**WHAT NEEDS TO BE DONE:**
Exactly the lines from the opening of the data through the line containing "D \<Longrightarrow> inner" should be reproduced, please, with nothing added.

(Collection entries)
____

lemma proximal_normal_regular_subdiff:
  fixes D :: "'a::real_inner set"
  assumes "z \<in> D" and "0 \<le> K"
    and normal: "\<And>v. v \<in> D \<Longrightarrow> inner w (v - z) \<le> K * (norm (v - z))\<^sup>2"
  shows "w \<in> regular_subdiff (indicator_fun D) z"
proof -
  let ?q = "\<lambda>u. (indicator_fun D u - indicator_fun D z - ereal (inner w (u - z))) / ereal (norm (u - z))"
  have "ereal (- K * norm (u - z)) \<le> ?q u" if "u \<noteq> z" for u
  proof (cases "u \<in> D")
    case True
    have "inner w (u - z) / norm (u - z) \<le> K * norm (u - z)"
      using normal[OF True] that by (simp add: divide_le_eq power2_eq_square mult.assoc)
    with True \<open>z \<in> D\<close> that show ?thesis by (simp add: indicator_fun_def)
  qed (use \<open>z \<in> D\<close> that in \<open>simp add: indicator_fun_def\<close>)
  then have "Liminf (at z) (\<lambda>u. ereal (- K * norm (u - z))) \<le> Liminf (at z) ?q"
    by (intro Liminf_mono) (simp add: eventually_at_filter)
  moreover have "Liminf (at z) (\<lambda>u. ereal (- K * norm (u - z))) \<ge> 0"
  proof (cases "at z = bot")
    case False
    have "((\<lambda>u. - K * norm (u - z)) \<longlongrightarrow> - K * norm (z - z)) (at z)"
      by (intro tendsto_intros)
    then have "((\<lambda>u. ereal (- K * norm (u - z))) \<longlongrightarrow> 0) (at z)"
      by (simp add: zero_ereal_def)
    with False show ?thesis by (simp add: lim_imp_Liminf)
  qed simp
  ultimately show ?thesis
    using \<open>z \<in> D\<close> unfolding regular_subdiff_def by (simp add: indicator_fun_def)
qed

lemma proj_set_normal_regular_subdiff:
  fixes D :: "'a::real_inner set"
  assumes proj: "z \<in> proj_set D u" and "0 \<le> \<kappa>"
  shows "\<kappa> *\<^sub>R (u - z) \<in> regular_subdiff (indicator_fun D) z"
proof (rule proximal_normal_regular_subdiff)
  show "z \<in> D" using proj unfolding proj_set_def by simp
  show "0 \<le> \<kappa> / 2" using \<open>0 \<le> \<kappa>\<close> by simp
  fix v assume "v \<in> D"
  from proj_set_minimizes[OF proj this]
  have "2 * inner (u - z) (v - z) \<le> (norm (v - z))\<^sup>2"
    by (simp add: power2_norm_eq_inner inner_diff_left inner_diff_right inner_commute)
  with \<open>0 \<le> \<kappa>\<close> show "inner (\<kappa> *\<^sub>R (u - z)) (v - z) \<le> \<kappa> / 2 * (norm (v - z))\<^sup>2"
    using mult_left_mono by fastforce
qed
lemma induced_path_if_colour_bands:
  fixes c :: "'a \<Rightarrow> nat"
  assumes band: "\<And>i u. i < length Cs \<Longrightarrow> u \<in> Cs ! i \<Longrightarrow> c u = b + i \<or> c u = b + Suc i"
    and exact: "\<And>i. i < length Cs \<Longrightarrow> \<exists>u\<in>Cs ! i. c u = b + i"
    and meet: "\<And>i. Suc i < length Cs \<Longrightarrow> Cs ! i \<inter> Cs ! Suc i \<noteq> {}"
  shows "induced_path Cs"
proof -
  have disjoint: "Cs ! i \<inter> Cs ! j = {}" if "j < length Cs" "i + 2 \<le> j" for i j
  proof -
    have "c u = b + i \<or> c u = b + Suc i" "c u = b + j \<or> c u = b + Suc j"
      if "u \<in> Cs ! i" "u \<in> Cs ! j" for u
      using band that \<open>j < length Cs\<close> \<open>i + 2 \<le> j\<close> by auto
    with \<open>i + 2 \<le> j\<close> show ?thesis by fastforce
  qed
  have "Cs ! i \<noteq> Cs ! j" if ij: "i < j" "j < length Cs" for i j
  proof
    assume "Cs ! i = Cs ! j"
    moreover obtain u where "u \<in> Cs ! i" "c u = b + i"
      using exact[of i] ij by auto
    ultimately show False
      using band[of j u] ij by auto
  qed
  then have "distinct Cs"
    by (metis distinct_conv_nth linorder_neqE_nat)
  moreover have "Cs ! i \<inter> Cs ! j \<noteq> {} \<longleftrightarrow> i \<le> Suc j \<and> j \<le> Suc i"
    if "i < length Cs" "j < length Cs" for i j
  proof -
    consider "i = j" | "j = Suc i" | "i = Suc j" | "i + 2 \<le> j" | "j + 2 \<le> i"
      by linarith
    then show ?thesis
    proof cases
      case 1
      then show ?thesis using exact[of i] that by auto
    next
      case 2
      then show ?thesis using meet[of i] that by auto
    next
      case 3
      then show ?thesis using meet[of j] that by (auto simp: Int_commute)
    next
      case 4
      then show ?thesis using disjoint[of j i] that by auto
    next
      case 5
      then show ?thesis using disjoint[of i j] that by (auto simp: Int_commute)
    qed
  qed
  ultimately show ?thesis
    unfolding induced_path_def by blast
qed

____

**EXERCISE RESPONSE:**
lemma proximal_normal_regular_subdiff:
  fixes D :: "'a::real_inner set"
  assumes "z \<in> D" and "0 \<le> K"
    and normal: "\<And>v. v \<in> D \<Longrightarrow> inner w (v - z) \<le> K * (norm (v - z))\<^sup>2"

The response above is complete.